Stored items
============================================================

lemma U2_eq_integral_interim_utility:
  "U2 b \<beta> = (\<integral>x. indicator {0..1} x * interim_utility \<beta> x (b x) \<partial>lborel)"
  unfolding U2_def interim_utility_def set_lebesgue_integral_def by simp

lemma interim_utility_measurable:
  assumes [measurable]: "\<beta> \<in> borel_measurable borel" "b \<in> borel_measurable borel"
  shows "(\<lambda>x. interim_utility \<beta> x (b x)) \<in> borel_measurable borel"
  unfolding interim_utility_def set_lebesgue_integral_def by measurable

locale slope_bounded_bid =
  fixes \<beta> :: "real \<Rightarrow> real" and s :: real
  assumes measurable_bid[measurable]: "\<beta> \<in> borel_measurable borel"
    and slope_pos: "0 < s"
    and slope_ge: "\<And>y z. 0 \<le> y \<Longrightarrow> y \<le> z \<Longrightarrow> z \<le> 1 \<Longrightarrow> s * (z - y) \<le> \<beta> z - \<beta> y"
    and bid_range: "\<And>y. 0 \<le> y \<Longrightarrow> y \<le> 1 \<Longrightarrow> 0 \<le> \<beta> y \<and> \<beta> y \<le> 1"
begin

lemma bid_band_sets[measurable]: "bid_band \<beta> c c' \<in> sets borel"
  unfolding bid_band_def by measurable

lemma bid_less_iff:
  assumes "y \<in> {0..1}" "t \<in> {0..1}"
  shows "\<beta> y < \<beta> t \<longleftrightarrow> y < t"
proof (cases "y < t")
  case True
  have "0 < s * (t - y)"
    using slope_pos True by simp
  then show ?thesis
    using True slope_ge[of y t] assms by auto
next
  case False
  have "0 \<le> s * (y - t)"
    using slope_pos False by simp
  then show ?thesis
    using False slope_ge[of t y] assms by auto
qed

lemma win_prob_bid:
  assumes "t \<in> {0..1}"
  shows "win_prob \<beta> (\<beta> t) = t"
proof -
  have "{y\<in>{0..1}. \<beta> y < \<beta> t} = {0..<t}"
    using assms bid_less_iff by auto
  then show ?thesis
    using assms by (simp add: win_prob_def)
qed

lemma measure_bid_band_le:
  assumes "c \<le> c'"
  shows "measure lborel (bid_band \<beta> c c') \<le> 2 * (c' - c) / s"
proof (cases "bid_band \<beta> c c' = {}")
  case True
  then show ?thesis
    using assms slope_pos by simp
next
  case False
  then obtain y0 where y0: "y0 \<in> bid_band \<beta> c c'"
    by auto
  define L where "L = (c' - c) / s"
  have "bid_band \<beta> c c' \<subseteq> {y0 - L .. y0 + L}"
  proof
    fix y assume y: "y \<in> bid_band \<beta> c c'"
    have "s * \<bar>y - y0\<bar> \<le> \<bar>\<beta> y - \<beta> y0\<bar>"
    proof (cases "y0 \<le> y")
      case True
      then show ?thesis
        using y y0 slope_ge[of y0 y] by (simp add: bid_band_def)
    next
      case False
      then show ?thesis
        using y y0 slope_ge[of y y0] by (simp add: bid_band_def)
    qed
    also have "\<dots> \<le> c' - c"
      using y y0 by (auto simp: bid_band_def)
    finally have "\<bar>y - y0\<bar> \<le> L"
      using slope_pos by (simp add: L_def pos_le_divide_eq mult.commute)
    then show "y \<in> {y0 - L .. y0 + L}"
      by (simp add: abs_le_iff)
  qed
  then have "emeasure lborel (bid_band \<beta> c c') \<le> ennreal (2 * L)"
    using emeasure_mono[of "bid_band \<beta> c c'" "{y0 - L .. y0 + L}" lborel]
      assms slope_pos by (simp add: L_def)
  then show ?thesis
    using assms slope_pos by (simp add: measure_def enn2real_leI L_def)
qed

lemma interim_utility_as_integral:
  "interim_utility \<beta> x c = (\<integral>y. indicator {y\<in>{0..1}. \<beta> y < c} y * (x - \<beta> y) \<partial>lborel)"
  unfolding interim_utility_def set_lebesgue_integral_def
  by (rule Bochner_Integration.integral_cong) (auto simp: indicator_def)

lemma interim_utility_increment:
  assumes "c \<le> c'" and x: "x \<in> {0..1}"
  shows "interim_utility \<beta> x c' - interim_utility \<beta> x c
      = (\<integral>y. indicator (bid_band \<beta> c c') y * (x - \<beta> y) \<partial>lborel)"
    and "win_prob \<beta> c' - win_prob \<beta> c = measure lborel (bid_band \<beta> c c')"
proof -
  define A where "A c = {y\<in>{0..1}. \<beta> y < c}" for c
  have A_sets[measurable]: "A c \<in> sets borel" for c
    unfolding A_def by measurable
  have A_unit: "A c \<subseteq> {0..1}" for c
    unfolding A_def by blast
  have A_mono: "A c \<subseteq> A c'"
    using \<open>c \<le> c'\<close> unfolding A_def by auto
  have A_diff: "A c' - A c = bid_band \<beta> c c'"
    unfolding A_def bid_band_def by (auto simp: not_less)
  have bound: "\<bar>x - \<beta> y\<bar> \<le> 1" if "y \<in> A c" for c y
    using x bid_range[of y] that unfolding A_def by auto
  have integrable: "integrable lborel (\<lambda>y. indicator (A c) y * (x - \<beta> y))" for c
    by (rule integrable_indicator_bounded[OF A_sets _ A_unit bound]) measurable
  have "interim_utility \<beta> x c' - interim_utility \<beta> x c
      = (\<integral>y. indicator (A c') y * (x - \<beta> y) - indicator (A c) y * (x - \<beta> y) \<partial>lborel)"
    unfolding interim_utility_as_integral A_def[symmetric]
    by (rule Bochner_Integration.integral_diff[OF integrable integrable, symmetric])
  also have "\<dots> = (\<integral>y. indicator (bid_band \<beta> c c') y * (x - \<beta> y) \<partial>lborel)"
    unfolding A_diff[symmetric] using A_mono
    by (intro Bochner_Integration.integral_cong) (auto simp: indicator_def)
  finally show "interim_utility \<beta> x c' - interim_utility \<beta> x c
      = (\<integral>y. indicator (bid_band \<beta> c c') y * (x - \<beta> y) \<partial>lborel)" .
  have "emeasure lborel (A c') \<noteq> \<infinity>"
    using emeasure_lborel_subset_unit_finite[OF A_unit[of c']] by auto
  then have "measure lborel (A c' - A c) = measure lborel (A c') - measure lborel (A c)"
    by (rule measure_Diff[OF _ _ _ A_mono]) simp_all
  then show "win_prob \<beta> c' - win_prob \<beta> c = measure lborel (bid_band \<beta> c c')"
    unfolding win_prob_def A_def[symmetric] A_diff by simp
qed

============================================================

ASSIGNED TASK → All entries are to be output exactly as they stand.

SOLUTION FOR THIS PROBLEM →
lemma U2_eq_integral_interim_utility:
  "U2 b \<beta> = (\<integral>x. indicator {0..1} x * interim_utility \<beta> x (b x) \<partial>lborel)"
  unfolding U2_def interim_utility_def set_lebesgue_integral_def by simp

lemma interim_utility_measurable:
  assumes [measurable]: "\<beta> \<in> borel_measurable borel" "b \<in> borel_measurable borel"
  shows "(\<lambda>x. interim_utility \<beta> x (b x)) \<in> borel_measurable borel"
  unfolding interim_utility_def set_lebesgue_integral_def by measurable

locale slope_bounded_bid =
  fixes \<beta> :: "real \<Rightarrow> real" and s :: real
  assumes measurable_bid[measurable]: "\<beta> \<in> borel_measurable borel"
    and slope_pos: "0 < s"
    and slope_ge: "\<And>y z. 0 \<le> y \<Longrightarrow> y \<le> z \<Longrightarrow> z \<le> 1 \<Longrightarrow> s * (z - y) \<le> \<beta> z - \<beta> y"
    and bid_range: "\<And>y. 0 \<le> y \<Longrightarrow> y \<le> 1 \<Longrightarrow> 0 \<le> \<beta> y \<and> \<beta> y \<le> 1"
begin

lemma bid_band_sets[measurable]: "bid_band \<beta> c c' \<in> sets borel"
  unfolding bid_band_def by measurable

lemma bid_less_iff:
  assumes "y \<in> {0..1}" "t \<in> {0..1}"
  shows "\<beta> y < \<beta> t \<longleftrightarrow> y < t"
proof (cases "y < t")
  case True
  have "0 < s * (t - y)"
    using slope_pos True by simp
  then show ?thesis
    using True slope_ge[of y t] assms by auto
next
  case False
  have "0 \<le> s * (y - t)"
    using slope_pos False by simp
  then show ?thesis
    using False slope_ge[of t y] assms by auto
qed

lemma win_prob_bid:
  assumes "t \<in> {0..1}"
  shows "win_prob \<beta> (\<beta> t) = t"
proof -
  have "{y\<in>{0..1}. \<beta> y < \<beta> t} = {0..<t}"
    using assms bid_less_iff by auto
  then show ?thesis
    using assms by (simp add: win_prob_def)
qed

lemma measure_bid_band_le:
  assumes "c \<le> c'"
  shows "measure lborel (bid_band \<beta> c c') \<le> 2 * (c' - c) / s"
proof (cases "bid_band \<beta> c c' = {}")
  case True
  then show ?thesis
    using assms slope_pos by simp
next
  case False
  then obtain y0 where y0: "y0 \<in> bid_band \<beta> c c'"
    by auto
  define L where "L = (c' - c) / s"
  have "bid_band \<beta> c c' \<subseteq> {y0 - L .. y0 + L}"
  proof
    fix y assume y: "y \<in> bid_band \<beta> c c'"
    have "s * \<bar>y - y0\<bar> \<le> \<bar>\<beta> y - \<beta> y0\<bar>"
    proof (cases "y0 \<le> y")
      case True
      then show ?thesis
        using y y0 slope_ge[of y0 y] by (simp add: bid_band_def)
    next
      case False
      then show ?thesis
        using y y0 slope_ge[of y y0] by (simp add: bid_band_def)
    qed
    also have "\<dots> \<le> c' - c"
      using y y0 by (auto simp: bid_band_def)
    finally have "\<bar>y - y0\<bar> \<le> L"
      using slope_pos by (simp add: L_def pos_le_divide_eq mult.commute)
    then show "y \<in> {y0 - L .. y0 + L}"
      by (simp add: abs_le_iff)
  qed
  then have "emeasure lborel (bid_band \<beta> c c') \<le> ennreal (2 * L)"
    using emeasure_mono[of "bid_band \<beta> c c'" "{y0 - L .. y0 + L}" lborel]
      assms slope_pos by (simp add: L_def)
  then show ?thesis
    using assms slope_pos by (simp add: measure_def enn2real_leI L_def)
qed

lemma interim_utility_as_integral:
  "interim_utility \<beta> x c = (\<integral>y. indicator {y\<in>{0..1}. \<beta> y < c} y * (x - \<beta> y) \<partial>lborel)"
  unfolding interim_utility_def set_lebesgue_integral_def
  by (rule Bochner_Integration.integral_cong) (auto simp: indicator_def)

lemma interim_utility_increment:
  assumes "c \<le> c'" and x: "x \<in> {0..1}"
  shows "interim_utility \<beta> x c' - interim_utility \<beta> x c
      = (\<integral>y. indicator (bid_band \<beta> c c') y * (x - \<beta> y) \<partial>lborel)"
    and "win_prob \<beta> c' - win_prob \<beta> c = measure lborel (bid_band \<beta> c c')"
proof -
  define A where "A c = {y\<in>{0..1}. \<beta> y < c}" for c
  have A_sets[measurable]: "A c \<in> sets borel" for c
    unfolding A_def by measurable
  have A_unit: "A c \<subseteq> {0..1}" for c
    unfolding A_def by blast
  have A_mono: "A c \<subseteq> A c'"
    using \<open>c \<le> c'\<close> unfolding A_def by auto
  have A_diff: "A c' - A c = bid_band \<beta> c c'"
    unfolding A_def bid_band_def by (auto simp: not_less)
  have bound: "\<bar>x - \<beta> y\<bar> \<le> 1" if "y \<in> A c" for c y
    using x bid_range[of y] that unfolding A_def by auto
  have integrable: "integrable lborel (\<lambda>y. indicator (A c) y * (x - \<beta> y))" for c
    by (rule integrable_indicator_bounded[OF A_sets _ A_unit bound]) measurable
  have "interim_utility \<beta> x c' - interim_utility \<beta> x c
      = (\<integral>y. indicator (A c') y * (x - \<beta> y) - indicator (A c) y * (x - \<beta> y) \<partial>lborel)"
    unfolding interim_utility_as_integral A_def[symmetric]
    by (rule Bochner_Integration.integral_diff[OF integrable integrable, symmetric])
  also have "\<dots> = (\<integral>y. indicator (bid_band \<beta> c c') y * (x - \<beta> y) \<partial>lborel)"
    unfolding A_diff[symmetric] using A_mono
    by (intro Bochner_Integration.integral_cong) (auto simp: indicator_def)
  finally show "interim_utility \<beta> x c' - interim_utility \<beta> x c
      = (\<integral>y. indicator (bid_band \<beta> c c') y * (x - \<beta> y) \<partial>lborel)" .
  have "emeasure lborel (A c') \<noteq> \<infinity>"
    using emeasure_lborel_subset_unit_finite[OF A_unit[of c']] by auto
  then have "measure lborel (A c' - A c) = measure lborel (A c') - measure lborel (A c)"
    by (rule measure_Diff[OF _ _ _ A_mono]) simp_all
  then show "win_prob \<beta> c' - win_prob \<beta> c = measure lborel (bid_band \<beta> c c')"
    unfolding win_prob_def A_def[symmetric] A_diff by simp
qed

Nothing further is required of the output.